Ada Lovelace is a graphics processing unit (GPU) microarchitecture developed by Nvidia and announced in September 2022. It succeeded the consumer side of the Ampere architecture and powers the GeForce RTX 40 series of consumer graphics cards, the RTX 6000 Ada Generation workstation card, and a family of data center accelerators that includes the L40, L40S, and L4. Fabricated on a custom TSMC "4N" process, Ada Lovelace introduced fourth-generation Tensor Cores with FP8 support, third-generation ray tracing (RT) cores, a greatly enlarged on-chip cache, and the DLSS 3 frame-generation technique. Within Nvidia's product lineup it is positioned for graphics and AI inference, complementing the Hopper data center architecture of the same era, which targets large-scale AI training.
The architecture is named after Ada Lovelace (1815 to 1852), the English mathematician and writer often credited as the first computer programmer for her notes on Charles Babbage's proposed Analytical Engine, which included an algorithm intended to be carried out by the machine. The choice continues Nvidia's practice of naming GPU architectures after scientists and mathematicians, following Turing, Ampere, and Hopper. Nvidia and the technical press most often refer to the architecture simply as "Ada Lovelace" or "Ada."[1]

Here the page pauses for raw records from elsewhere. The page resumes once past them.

theorem mainTheorem1:
  fixes p a b :: real
  assumes "0 < p" and "p < 1" and "0 < a" and "0 < b"
  shows "\<forall>\<epsilon>>0. \<exists>N. \<forall>n m :: nat. 1 \<le> n \<longrightarrow> 1 \<le> m \<longrightarrow>
           real n \<le> a * real m \<longrightarrow> real m \<le> b * real n \<longrightarrow> N \<le> n + m \<longrightarrow>
           \<bar>prob_bip p n m (\<lambda>E. UNN (bip_vertices n m) (bip_adj E)) - 1\<bar> < \<epsilon>"
proof (intro allI impI)
  fix \<epsilon> :: real assume "0 < \<epsilon>"
  obtain M where M: "\<And>n m. real n \<le> a * real m \<Longrightarrow> real m \<le> b * real n \<Longrightarrow>
      (a + b + 2) * real M \<le> real n + real m \<Longrightarrow>
      prob_bip p n m (\<lambda>E. \<not> UNN (bip_vertices n m) (bip_adj E)) < \<epsilon>"
    using prob_bip_not_UNN_small[OF assms \<open>0 < \<epsilon>\<close>] by blast
  show "\<exists>N. \<forall>n m :: nat. 1 \<le> n \<longrightarrow> 1 \<le> m \<longrightarrow> real n \<le> a * real m \<longrightarrow> real m \<le> b * real n
      \<longrightarrow> N \<le> n + m \<longrightarrow> \<bar>prob_bip p n m (\<lambda>E. UNN (bip_vertices n m) (bip_adj E)) - 1\<bar> < \<epsilon>"
  proof (intro exI[of _ "nat \<lceil>(a + b + 2) * real M\<rceil>"] allI impI)
    fix n m :: nat
    assume "real n \<le> a * real m" "real m \<le> b * real n" "nat \<lceil>(a + b + 2) * real M\<rceil> \<le> n + m"
    then have "prob_bip p n m (\<lambda>E. \<not> UNN (bip_vertices n m) (bip_adj E)) < \<epsilon>"
      by (intro M) linarith+
    moreover have "0 \<le> prob_bip p n m (\<lambda>E. \<not> UNN (bip_vertices n m) (bip_adj E))"
      unfolding prob_bip_eq_bernoulli_prob using assms by (intro bernoulli_prob_nonneg) auto
    ultimately show "\<bar>prob_bip p n m (\<lambda>E. UNN (bip_vertices n m) (bip_adj E)) - 1\<bar> < \<epsilon>"
      by (simp add: prob_bip_eq_bernoulli_prob bernoulli_prob_Not)
  qed
qed

end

Nvidia chief executive Jensen Huang unveiled the Ada Lovelace architecture during a GTC keynote on September 20, 2022, where he introduced the first GeForce RTX 40 series products.[2] The flagship GeForce RTX 4090 went on sale on October 12, 2022, at a launch price of 1,599 US dollars, followed by the GeForce RTX 4080 in November 2022.[3] Data center and professional parts were introduced over the following year: the L40 and the RTX 6000 Ada Generation were announced alongside the consumer launch in 2022, the L4 followed at GTC in March 2023, and the L40S was announced at SIGGRAPH in August 2023.[4][5]
Ada Lovelace is implemented across a family of dies designated AD102 through AD107, scaling from the flagship desktop part down to entry-level and mobile products. The largest, AD102, contains 76.3 billion transistors on a die of roughly 608 mm2, more than two and a half times the transistor count of the equivalent Ampere die (GA102).[1][6] A fully enabled AD102 provides 18,432 CUDA cores organized into 144 streaming multiprocessors (SMs), with 144 third-generation RT cores and 576 fourth-generation Tensor Cores. Each Ada SM contains 128 CUDA cores, one RT core, four Tensor Cores, and 128 KB of combined shared memory and L1 cache.[1]
The table below summarizes the principal Ada Lovelace dies and the consumer products built on them.
| Die | Transistors | Die size | L2 cache | Example GeForce products |
|---|---|---|---|---|
| AD102 | 76.3 billion | ~608 mm2 | 96 MB | RTX 4090 |
| AD103 | 45.9 billion | ~379 mm2 | 64 MB | RTX 4080, RTX 4080 SUPER |
| AD104 | 35.8 billion | ~294 mm2 | 48 MB | RTX 4070 Ti, RTX 4070 |
| AD106 | 22.9 billion | ~188 mm2 | 32 MB | RTX 4060 Ti |
| AD107 | 18.9 billion | ~159 mm2 | (smaller) | RTX 4060 |
The GeForce RTX 4090, the highest-end consumer card, uses a cut-down AD102 with 16,384 CUDA cores, 24 GB of GDDR6X memory on a 384-bit bus delivering about 1,008 GB/s of bandwidth, and a rated total board power of 450 W. Nvidia quoted roughly 82.6 teraFLOPS of FP32 shader throughput for the card.[3][6] The RTX 4080 is built on AD103, and the RTX 4070 family on AD104.[1]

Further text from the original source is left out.